Published September 18, 2024

JOSHUA ALLAN
The 1019 Report

The Lester B. Pearson School Board is not immune to the province-wide teacher shortage and is actively looking to fill vacant staff roles as the new school year gets under way.

There continues to be “some teacher staffing shortages across the (board’s) network,” explained Darren Becker, the Pearson board’s director of communications, in a written statement. “But the school board is continuing its efforts to fill the spots as soon as possible. And in the interim, we are not anticipating any impacts on the quality of education we offer our students.”

Becker declined to offer any further details or provide figures on how many teaching positions remain to be filled.

Last month, Quebec  Education Minister Bernard Drainville said that the province was short 5,700 teachers as the new school year approached.

The Pearson board, which operates nine elementary schools and two high school campuses in Vaudreuil-Soulanges along with 19 English-language elementary and six high schools in the West Island, has admitted to hiring non-legally qualified teachers to fill vacancies. It is a practice the board had been following for years, Becker said, adding that all personnel have training in related fields.

However, this practice often leaves parents scrambling to ensure that their children are learning properly, said Katherine Korakakis, president of the English Parents’ Committee Association of Quebec.
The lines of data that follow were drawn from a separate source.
lemma row_eq_axis_vector_matrix: "row i (Y::'a::comm_semiring_1^'n^'m) = axis i 1 v* Y"
  by (simp add: vec_eq_iff row_def vector_matrix_mult_def axis_def if_distrib[of "\<lambda>x. x * _"] cong: if_cong)

lemma span_rows_eq_range: "vec.span (rows Y) = range (\<lambda>x. x v* (Y::'a::field^'n^'m))"
proof
  have "vec.subspace (range (\<lambda>x. x v* Y))"
    by (metis image_cong transpose_matrix_vector vec.subspace_UNIV vec.subspace_image)
  moreover have "rows Y \<subseteq> range (\<lambda>x. x v* Y)"
    by (auto simp: rows_def row_eq_axis_vector_matrix)
  ultimately show "vec.span (rows Y) \<subseteq> range (\<lambda>x. x v* Y)"
    by (rule vec.span_minimal[rotated])
  have "x v* Y = (\<Sum>l\<in>UNIV. x $ l *s row l Y)" for x
    by (simp add: vec_eq_iff vector_matrix_mult_def row_def mult.commute)
  moreover have "row l Y \<in> rows Y" for l
    by (auto simp: rows_def)
  ultimately show "range (\<lambda>x. x v* Y) \<subseteq> vec.span (rows Y)"
    by (metis (no_types, lifting) image_subsetI vec.span_base vec.span_scale vec.span_sum)
qed

lemma rows_mult_subset_span: "rows (X ** Y) \<subseteq> vec.span (rows (Y :: 'a::field^'n^'m))"
  unfolding span_rows_eq_range by (auto simp: rows_def row_mult_vector_matrix)

lemma rows_subset_span_imp_left_factor:
  fixes X :: "'a::field^'n^'m" and Y :: "'a^'n^'k"
  assumes "rows X \<subseteq> vec.span (rows Y)"
  shows "\<exists>Z. X = Z ** Y"
proof -
  have "row i X \<in> rows X" for i
    by (auto simp: rows_def)
  then have "\<forall>i. \<exists>c. row i X = c v* Y"
    using assms unfolding span_rows_eq_range by blast
  then obtain c where c: "\<And>i. row i X = c i v* Y" by metis
  have "row i X = row i ((\<chi> i. c i) ** Y)" for i
    unfolding c row_mult_vector_matrix by (simp add: row_def)
  then have "X = (\<chi> i. c i) ** Y"
    by (simp add: row_def vec_eq_iff)
  then show ?thesis ..
qed

lemma dim_rows_le_dim_columns_gen:
  fixes A :: "'a::field^'n^'m"
  shows "vec.dim (rows A) \<le> vec.dim (columns A)"
proof -
  (* Writing each column in a basis Bs of the column space and reading the coefficients
     row-wise expresses every row as a combination of card Bs vectors. *)
  obtain Bs where Bs: "Bs \<subseteq> vec.span (columns A)" "vec.independent Bs"
    "vec.span (columns A) \<subseteq> vec.span Bs" "card Bs = vec.dim (vec.span (columns A))"
    using vec.basis_exists by blast
  have fin: "finite Bs" using Bs(2) vec.finiteI_independent by blast
  have "\<forall>j. \<exists>u. column j A = (\<Sum>b\<in>Bs. u b *s b)"
  proof
    fix j
    have "column j A \<in> vec.span Bs" using Bs(3) vec.span_base[of "column j A" "columns A"]
      by (auto simp: columns_def)
    then show "\<exists>u. column j A = (\<Sum>b\<in>Bs. u b *s b)" using vec.span_finite[OF fin] by auto
  qed
  then obtain U where U: "\<And>j. column j A = (\<Sum>b\<in>Bs. U j b *s b)" by metis
  define w where "w b = (\<chi> j. U j b)" for b
  have "rows A \<subseteq> vec.span (w ` Bs)"
  proof
    fix v assume "v \<in> rows A"
    then obtain i where v: "v = row i A" by (auto simp: rows_def)
    have "v $ j = (\<Sum>b\<in>Bs. (b $ i) *s w b) $ j" for j
    proof -
      have "A $ i $ j = column j A $ i" by (simp add: column_def)
      also have "\<dots> = (\<Sum>b\<in>Bs. U j b * b $ i)" by (subst U) simp
      finally show "v $ j = (\<Sum>b\<in>Bs. (b $ i) *s w b) $ j"
        by (simp add: v row_def w_def mult.commute)
    qed
    then have "v = (\<Sum>b\<in>Bs. (b $ i) *s w b)" by (simp add: vec_eq_iff)
    also have "\<dots> \<in> vec.span (w ` Bs)"
      by (intro vec.span_sum vec.span_scale vec.span_base) auto
    finally show "v \<in> vec.span (w ` Bs)" .
  qed
  then have "vec.dim (rows A) \<le> card (w ` Bs)" using fin by (intro vec.dim_le_card) auto
  also have "\<dots> \<le> card Bs" using fin by (rule card_image_le)
  also have "\<dots> = vec.dim (columns A)" using Bs(4) by simp
  finally show ?thesis .
qed

lemma rank_transpose_gen: "rank (transpose (A::'a::field^'n^'m)) = rank A"
  unfolding row_rank_def_gen
  using dim_rows_le_dim_columns_gen[of A] dim_rows_le_dim_columns_gen[of "transpose A"] by simp

interpretation matrix_monoid: monoid_npow "(**)" "mat 1 :: complex^'n^'n" mpow
  by unfold_locales (simp_all add: matrix_mul_assoc)

lemma mpow_transpose: "mpow (transpose B) m = transpose (mpow B m)"
proof (induction m)
  case (Suc m)
  then show ?case by (metis matrix_monoid.npow_Suc' matrix_monoid.npow_Suc matrix_transpose_mul)
qed simp

lemma rank_mpow_Suc_le: "rank (mpow B (Suc j)) \<le> rank (mpow B j)"
proof -
  have "vec.dim (rows (mpow B (Suc j))) \<le> vec.dim (vec.span (rows (mpow B j)))"
    unfolding matrix_monoid.npow_Suc' by (rule vec.dim_subset[OF rows_mult_subset_span])
  then show ?thesis unfolding row_rank_def_gen by simp
qed

lemma ex_rank_mpow_Suc_eq: "\<exists>j. rank (mpow B (Suc j)) = rank (mpow B j)"
proof (rule ccontr)
  assume "\<nexists>j. rank (mpow B (Suc j)) = rank (mpow B j)"
  then have decr: "rank (mpow B (Suc j)) < rank (mpow B j)" for j
    using rank_mpow_Suc_le[of B j] by (simp add: order_less_le)
  have "rank (mpow B j) + j \<le> rank (mpow B 0)" for j
  proof (induction j)
    case (Suc j)
    then show ?case using decr[of j] by simp
  qed simp
  from this[of "Suc (rank (mpow B 0))"] show False by simp
qed

lemma rank_mpow_Suc_mind: "rank (mpow B (Suc (mind B))) = rank (mpow B (mind B))"
  unfolding mind_def by (rule LeastI_ex[OF ex_rank_mpow_Suc_eq])

lemma mpow_left_factor_of_rank_eq:
  assumes "rank (mpow B (Suc j)) = rank (mpow B j)"
  shows "\<exists>Z. mpow B j = Z ** mpow B (Suc j)"
proof -
  let ?S1 = "vec.span (rows (mpow B (Suc j)))" and ?S0 = "vec.span (rows (mpow B j))"
  have "?S1 \<subseteq> ?S0"
    unfolding matrix_monoid.npow_Suc' by (rule vec.span_minimal[OF rows_mult_subset_span vec.subspace_span])
  moreover have "vec.dim ?S0 \<le> vec.dim ?S1"
    using assms unfolding row_rank_def_gen by simp
  ultimately have "?S1 = ?S0"
    by (intro vec.subspace_dim_equal) auto
  then have "rows (mpow B j) \<subseteq> ?S1"
    using vec.span_superset by blast
  then show ?thesis by (rule rows_subset_span_imp_left_factor)
qed

lemma mpow_left_factor:
  assumes "mind B \<le> k"
  shows "\<exists>Z. mpow B k = Z ** mpow B (Suc k)"
  using mpow_left_factor_of_rank_eq[OF rank_mpow_Suc_mind] matrix_monoid.npow_left_factor_mono assms
  by blast

lemma mind_transpose: "mind (transpose B) = mind B"
  unfolding mind_def mpow_transpose rank_transpose_gen ..

lemma mpow_right_factor:
  assumes "mind B \<le> k"
  shows "\<exists>Y. mpow B k = mpow B (Suc k) ** Y"
proof -
  obtain Z where "mpow (transpose B) k = Z ** mpow (transpose B) (Suc k)"
    using mpow_left_factor[of "transpose B" k] assms by (auto simp: mind_transpose)
  then have "mpow B k = mpow B (Suc k) ** transpose Z"
    by (metis matrix_transpose_mul mpow_transpose transpose_transpose)
  then show ?thesis ..
qed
“There’s a lot of repercussions when you don’t have teachers in the classrooms that are qualified,” Korakakis said. “When you have a teacher in a classroom that doesn’t know the subject matter, then children aren’t learning the subject matter. That affects their motivation, but it also affects exams at the end of the year.”

Korakakis used her personal experience as a parent when it comes to non-legally qualified teachers in school classrooms. She explained that her daughter, who attends a school managed by the English Montreal School Board, now has a French teacher who does not speak French.

“Tell me how this serves my child,” she said. “Tell me how this is going to help me do everything in my power to help keep my daughter here and not lose her to other Canadian provinces or to the United States.”

Korakakis said that the practice of hiring non-legally qualified teachers is partly to blame for the jump in the number of students signing up for summer school across the province.

“It does a disservice,” she added, “and the victims are children.”

In July, media reports claimed the number of summer school registrations had hit an all-time high. Although there were no figures for the summer school registrations for the Pearson board, the reports claimed the number of students seeking help in the summer jumped 48 per cent in the French-language Montreal School Service Centre and 114 in the St. Hyacinthe School Service Centre.